[Your objective] Return only the stretch of the material below that begins with the line containing "f \<longleftrightarrow> (\<forall>A" and ends with the line containing "(\<forall>S i. S", exactly; both of those lines belong to it.
___ Input data
(* There exist absolute constants $c_1,c_2>0$ such that for every sufficiently large $n$ there exists a monotone non-negative $\frac{c_1}{n}$-Lipschitz submodular function $f\colon\mathbb F_2^n\to[0,1]$ (a rescaled matroid rank function) with $R^{\to}_{1/3}(f^+)\ge c_2 n$.
   Context: Functions $f\colon 2^{[n]}\to\mathbb R$ are identified with functions on $\mathbb F_2^n$ via $x\leftrightarrow\{i:x_i=1\}$. $f$ is monotone if $f(A)\le f(B)$ for $A\subseteq B$; $\alpha$-Lipschitz if $|f(S\cup\{i\})-f(S)|\le\alpha$ for all $S$, $i$; submodular if $f(A\cup\{i\})-f(A)\ge f(B\cup\{i\})-f(B)$ for all $A\subseteq B\subseteq[n]$, $i\notin B$. The XOR-function of $f$ is $f^+(x,y)=f(x+y)$ (coordinatewise addition mod 2). Randomized one-way communication complexity: $R^{\to}_\delta(f^+)$ is the minimum, over public-coin randomized protocols in which Alice (holding $x\in\mathbb F_2^n$) sends a single message to Bob (holding $y\in\mathbb F_2^n$) who then outputs a value, such that for every $x,y$ Bob's output equals $f^+(x,y)$ with probability at least $1-\delta$, of the maximum message length in bits. *)

theory Defs
  imports "HOL-Probability.Probability"
begin

text \<open>Vectors of F_2^n are identified with subsets of {..<n}; coordinatewise
addition mod 2 is symmetric difference.\<close>

definition xor_set :: "nat set \<Rightarrow> nat set \<Rightarrow> nat set" where
  "xor_set x y = (x - y) \<union> (y - x)"

definition monotone_setfun :: "nat \<Rightarrow> (nat set \<Rightarrow> real) \<Rightarrow> bool" where
  "monotone_setfun n f \<longleftrightarrow> (\<forall>A B. A \<subseteq> B \<and> B \<subseteq> {..<n} \<longrightarrow> f A \<le> f B)"

definition lipschitz_setfun :: "nat \<Rightarrow> real \<Rightarrow> (nat set \<Rightarrow> real) \<Rightarrow> bool" where
  "lipschitz_setfun n \<alpha> f \<longleftrightarrow>
     (\<forall>S i. S \<subseteq> {..<n} \<and> i < n \<longrightarrow> \<bar>f (insert i S) - f S\<bar> \<le> \<alpha>)"

definition submodular_setfun :: "nat \<Rightarrow> (nat set \<Rightarrow> real) \<Rightarrow> bool" where
  "submodular_setfun n f \<longleftrightarrow>
     (\<forall>A B i. A \<subseteq> B \<and> B \<subseteq> {..<n} \<and> i < n \<and> i \<notin> B \<longrightarrow>
        f (insert i A) - f A \<ge> f (insert i B) - f B)"
(* Every filter $\mathcal{F}$ on $\omega$ (viewed as a subspace of $2^\omega$) is strongly homogeneous.
   Context: A filter on $\omega$ is $\mathcal{F}\subseteq\mathcal{P}(\omega)$ with $\varnothing\notin\mathcal{F}$, $\omega\in\mathcal{F}$, closed under finite modifications (if $x\in\mathcal{F}$ and $y$ differs from $x$ by a finite set then $y\in\mathcal{F}$), upward-closed, and closed under finite intersections; it is identified via characteristic functions with a subspace of $2^\omega$. A space $X$ is strongly homogeneous if every non-empty clopen subspace of $X$ is homeomorphic to $X$. *)

theory Defs
  imports "HOL-Analysis.Analysis"
begin

text \<open>A filter on omega (containing the Frechet filter, i.e. closed under finite modifications).\<close>
definition filter_on_omega :: "nat set set \<Rightarrow> bool" where
  "filter_on_omega F \<longleftrightarrow>
     {} \<notin> F \<and> UNIV \<in> F \<and>
     (\<forall>x\<in>F. \<forall>y. finite ((x - y) \<union> (y - x)) \<longrightarrow> y \<in> F) \<and>
     (\<forall>x\<in>F. \<forall>y. x \<subseteq> y \<longrightarrow> y \<in> F) \<and>
     (\<forall>x\<in>F. \<forall>y\<in>F. x \<inter> y \<in> F)"

definition cantor_space :: "(nat \<Rightarrow> bool) topology" where
  "cantor_space = product_topology (\<lambda>_. discrete_topology (UNIV :: bool set)) UNIV"

definition char_fun :: "nat set \<Rightarrow> (nat \<Rightarrow> bool)" where
  "char_fun x = (\<lambda>n. n \<in> x)"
______
[Response for this exercise]
  "monotone_setfun n f \<longleftrightarrow> (\<forall>A B. A \<subseteq> B \<and> B \<subseteq> {..<n} \<longrightarrow> f A \<le> f B)"

definition lipschitz_setfun :: "nat \<Rightarrow> real \<Rightarrow> (nat set \<Rightarrow> real) \<Rightarrow> bool" where
  "lipschitz_setfun n \<alpha> f \<longleftrightarrow>
     (\<forall>S i. S \<subseteq> {..<n} \<and> i < n \<longrightarrow> \<bar>f (insert i S) - f S\<bar> \<le> \<alpha>)"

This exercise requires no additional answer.